WHAT IS NEEDED: From the listing below, copy out every line where the word "circ" appears.

PROVIDED INFORMATION:

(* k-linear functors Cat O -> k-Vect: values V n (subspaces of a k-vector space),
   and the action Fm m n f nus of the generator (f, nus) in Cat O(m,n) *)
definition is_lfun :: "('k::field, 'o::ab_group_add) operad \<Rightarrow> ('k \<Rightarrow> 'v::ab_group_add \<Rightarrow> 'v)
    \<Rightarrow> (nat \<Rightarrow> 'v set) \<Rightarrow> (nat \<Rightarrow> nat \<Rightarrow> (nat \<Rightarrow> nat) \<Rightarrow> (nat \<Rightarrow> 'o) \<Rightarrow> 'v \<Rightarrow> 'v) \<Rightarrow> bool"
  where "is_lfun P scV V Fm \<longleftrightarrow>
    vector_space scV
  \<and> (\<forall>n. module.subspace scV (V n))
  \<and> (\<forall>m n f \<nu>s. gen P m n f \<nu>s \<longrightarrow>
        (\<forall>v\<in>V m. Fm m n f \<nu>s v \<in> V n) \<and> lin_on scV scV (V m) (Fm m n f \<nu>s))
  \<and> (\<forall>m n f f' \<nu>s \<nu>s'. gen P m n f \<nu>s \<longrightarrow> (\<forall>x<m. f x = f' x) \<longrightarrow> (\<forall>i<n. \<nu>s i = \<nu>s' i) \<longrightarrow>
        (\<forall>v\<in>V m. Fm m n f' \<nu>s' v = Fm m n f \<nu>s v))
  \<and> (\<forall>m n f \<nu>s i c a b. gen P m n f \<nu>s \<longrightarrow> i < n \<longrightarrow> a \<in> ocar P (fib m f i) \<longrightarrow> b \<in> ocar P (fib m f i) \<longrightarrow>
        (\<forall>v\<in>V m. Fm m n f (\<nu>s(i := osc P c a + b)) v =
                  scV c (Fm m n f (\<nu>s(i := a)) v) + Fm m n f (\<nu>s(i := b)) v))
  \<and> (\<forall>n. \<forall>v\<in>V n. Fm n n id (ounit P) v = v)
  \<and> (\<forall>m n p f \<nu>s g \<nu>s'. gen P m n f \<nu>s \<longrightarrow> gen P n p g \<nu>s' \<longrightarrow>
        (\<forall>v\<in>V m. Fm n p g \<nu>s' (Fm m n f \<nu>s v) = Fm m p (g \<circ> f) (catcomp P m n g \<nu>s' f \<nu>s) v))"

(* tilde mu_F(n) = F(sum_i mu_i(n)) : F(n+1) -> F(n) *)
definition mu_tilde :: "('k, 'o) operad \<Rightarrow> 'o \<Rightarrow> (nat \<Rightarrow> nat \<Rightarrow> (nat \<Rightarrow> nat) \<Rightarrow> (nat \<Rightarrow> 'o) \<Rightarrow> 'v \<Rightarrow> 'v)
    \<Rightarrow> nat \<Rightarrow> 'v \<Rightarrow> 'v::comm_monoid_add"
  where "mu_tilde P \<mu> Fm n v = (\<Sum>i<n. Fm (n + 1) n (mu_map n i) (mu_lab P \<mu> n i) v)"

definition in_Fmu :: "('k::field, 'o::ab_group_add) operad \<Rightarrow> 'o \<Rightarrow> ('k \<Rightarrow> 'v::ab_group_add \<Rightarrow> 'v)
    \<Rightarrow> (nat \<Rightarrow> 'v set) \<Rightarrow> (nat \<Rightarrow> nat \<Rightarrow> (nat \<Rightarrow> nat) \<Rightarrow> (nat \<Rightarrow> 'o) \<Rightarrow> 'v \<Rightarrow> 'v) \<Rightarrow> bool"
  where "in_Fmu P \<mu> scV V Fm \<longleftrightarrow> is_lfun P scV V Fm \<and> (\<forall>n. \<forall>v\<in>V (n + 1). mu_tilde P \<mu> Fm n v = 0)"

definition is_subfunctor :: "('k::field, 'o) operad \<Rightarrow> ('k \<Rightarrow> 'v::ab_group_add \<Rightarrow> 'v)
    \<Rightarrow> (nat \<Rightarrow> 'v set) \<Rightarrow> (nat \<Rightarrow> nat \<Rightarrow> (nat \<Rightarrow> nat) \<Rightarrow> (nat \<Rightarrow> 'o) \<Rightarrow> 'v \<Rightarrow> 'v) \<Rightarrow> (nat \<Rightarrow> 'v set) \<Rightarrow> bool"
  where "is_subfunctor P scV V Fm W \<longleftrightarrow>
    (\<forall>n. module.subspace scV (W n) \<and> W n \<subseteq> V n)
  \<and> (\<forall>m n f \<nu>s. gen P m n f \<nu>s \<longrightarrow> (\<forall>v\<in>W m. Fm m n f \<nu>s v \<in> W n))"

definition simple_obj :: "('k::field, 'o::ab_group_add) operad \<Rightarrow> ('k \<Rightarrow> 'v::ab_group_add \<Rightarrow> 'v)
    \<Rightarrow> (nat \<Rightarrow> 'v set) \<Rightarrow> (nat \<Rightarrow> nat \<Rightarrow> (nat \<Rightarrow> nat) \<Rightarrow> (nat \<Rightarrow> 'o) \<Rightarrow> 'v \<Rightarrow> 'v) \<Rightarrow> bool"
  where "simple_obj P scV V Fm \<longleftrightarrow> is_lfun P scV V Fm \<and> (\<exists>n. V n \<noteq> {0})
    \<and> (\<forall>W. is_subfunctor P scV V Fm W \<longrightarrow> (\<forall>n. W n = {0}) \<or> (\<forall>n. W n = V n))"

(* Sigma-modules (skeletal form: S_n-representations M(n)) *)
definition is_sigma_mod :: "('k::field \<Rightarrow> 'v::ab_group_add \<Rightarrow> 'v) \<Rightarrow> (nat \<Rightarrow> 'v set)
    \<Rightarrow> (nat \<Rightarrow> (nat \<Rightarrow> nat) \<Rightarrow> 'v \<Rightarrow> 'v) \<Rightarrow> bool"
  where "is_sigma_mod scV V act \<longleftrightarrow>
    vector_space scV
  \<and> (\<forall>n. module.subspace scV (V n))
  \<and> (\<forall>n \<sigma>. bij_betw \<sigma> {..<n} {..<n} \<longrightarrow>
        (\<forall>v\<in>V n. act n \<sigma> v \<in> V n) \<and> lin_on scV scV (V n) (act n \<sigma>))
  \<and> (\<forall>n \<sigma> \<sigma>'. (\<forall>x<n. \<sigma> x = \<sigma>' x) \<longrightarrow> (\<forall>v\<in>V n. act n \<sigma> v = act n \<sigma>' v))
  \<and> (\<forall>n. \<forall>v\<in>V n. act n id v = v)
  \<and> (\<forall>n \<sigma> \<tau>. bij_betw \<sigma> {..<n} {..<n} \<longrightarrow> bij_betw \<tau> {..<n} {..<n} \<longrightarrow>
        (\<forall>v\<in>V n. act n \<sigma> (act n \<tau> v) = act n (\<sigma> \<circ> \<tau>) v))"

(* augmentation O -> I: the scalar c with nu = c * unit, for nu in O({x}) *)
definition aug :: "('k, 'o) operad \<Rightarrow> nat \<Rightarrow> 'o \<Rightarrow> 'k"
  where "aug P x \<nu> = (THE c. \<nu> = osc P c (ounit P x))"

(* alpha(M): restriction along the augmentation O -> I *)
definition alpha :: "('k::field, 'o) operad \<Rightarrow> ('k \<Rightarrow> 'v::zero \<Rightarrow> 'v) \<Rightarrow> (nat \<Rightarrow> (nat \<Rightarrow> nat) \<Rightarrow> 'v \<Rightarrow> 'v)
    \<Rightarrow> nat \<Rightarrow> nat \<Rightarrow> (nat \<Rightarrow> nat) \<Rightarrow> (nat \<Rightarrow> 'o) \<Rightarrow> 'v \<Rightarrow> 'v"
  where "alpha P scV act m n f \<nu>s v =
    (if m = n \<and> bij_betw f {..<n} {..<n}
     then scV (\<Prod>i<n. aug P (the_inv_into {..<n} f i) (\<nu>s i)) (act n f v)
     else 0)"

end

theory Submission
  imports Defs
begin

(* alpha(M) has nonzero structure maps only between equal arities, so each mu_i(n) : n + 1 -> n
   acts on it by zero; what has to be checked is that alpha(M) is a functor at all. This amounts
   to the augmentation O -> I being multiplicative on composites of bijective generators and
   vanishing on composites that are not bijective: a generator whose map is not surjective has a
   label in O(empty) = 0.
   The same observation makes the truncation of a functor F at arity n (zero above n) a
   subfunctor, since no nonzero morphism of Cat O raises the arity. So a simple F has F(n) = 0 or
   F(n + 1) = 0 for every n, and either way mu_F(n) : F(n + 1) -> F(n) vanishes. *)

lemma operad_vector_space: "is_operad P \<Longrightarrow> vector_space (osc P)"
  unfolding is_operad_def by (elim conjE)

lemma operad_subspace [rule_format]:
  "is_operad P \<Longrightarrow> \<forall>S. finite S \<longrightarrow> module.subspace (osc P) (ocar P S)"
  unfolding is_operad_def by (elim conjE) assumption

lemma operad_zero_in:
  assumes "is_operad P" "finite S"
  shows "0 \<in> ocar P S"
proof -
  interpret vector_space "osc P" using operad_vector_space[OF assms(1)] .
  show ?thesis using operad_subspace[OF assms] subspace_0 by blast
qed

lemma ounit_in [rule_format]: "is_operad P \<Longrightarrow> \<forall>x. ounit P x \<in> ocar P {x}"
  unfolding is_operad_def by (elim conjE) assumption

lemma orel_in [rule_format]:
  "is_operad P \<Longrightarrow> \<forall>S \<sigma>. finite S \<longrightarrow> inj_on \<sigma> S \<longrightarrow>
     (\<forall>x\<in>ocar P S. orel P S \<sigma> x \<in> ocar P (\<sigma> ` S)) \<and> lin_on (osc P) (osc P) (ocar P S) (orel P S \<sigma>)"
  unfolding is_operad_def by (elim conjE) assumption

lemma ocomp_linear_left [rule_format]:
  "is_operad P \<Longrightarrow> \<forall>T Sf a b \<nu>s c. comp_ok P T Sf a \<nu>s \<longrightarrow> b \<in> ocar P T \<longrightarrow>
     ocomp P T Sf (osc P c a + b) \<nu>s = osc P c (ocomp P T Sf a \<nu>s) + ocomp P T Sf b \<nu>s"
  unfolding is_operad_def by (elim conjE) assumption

WRITTEN RESPONSE:
        (\<forall>v\<in>V m. Fm n p g \<nu>s' (Fm m n f \<nu>s v) = Fm m p (g \<circ> f) (catcomp P m n g \<nu>s' f \<nu>s) v))"
        (\<forall>v\<in>V n. act n \<sigma> (act n \<tau> v) = act n (\<sigma> \<circ> \<tau>) v))"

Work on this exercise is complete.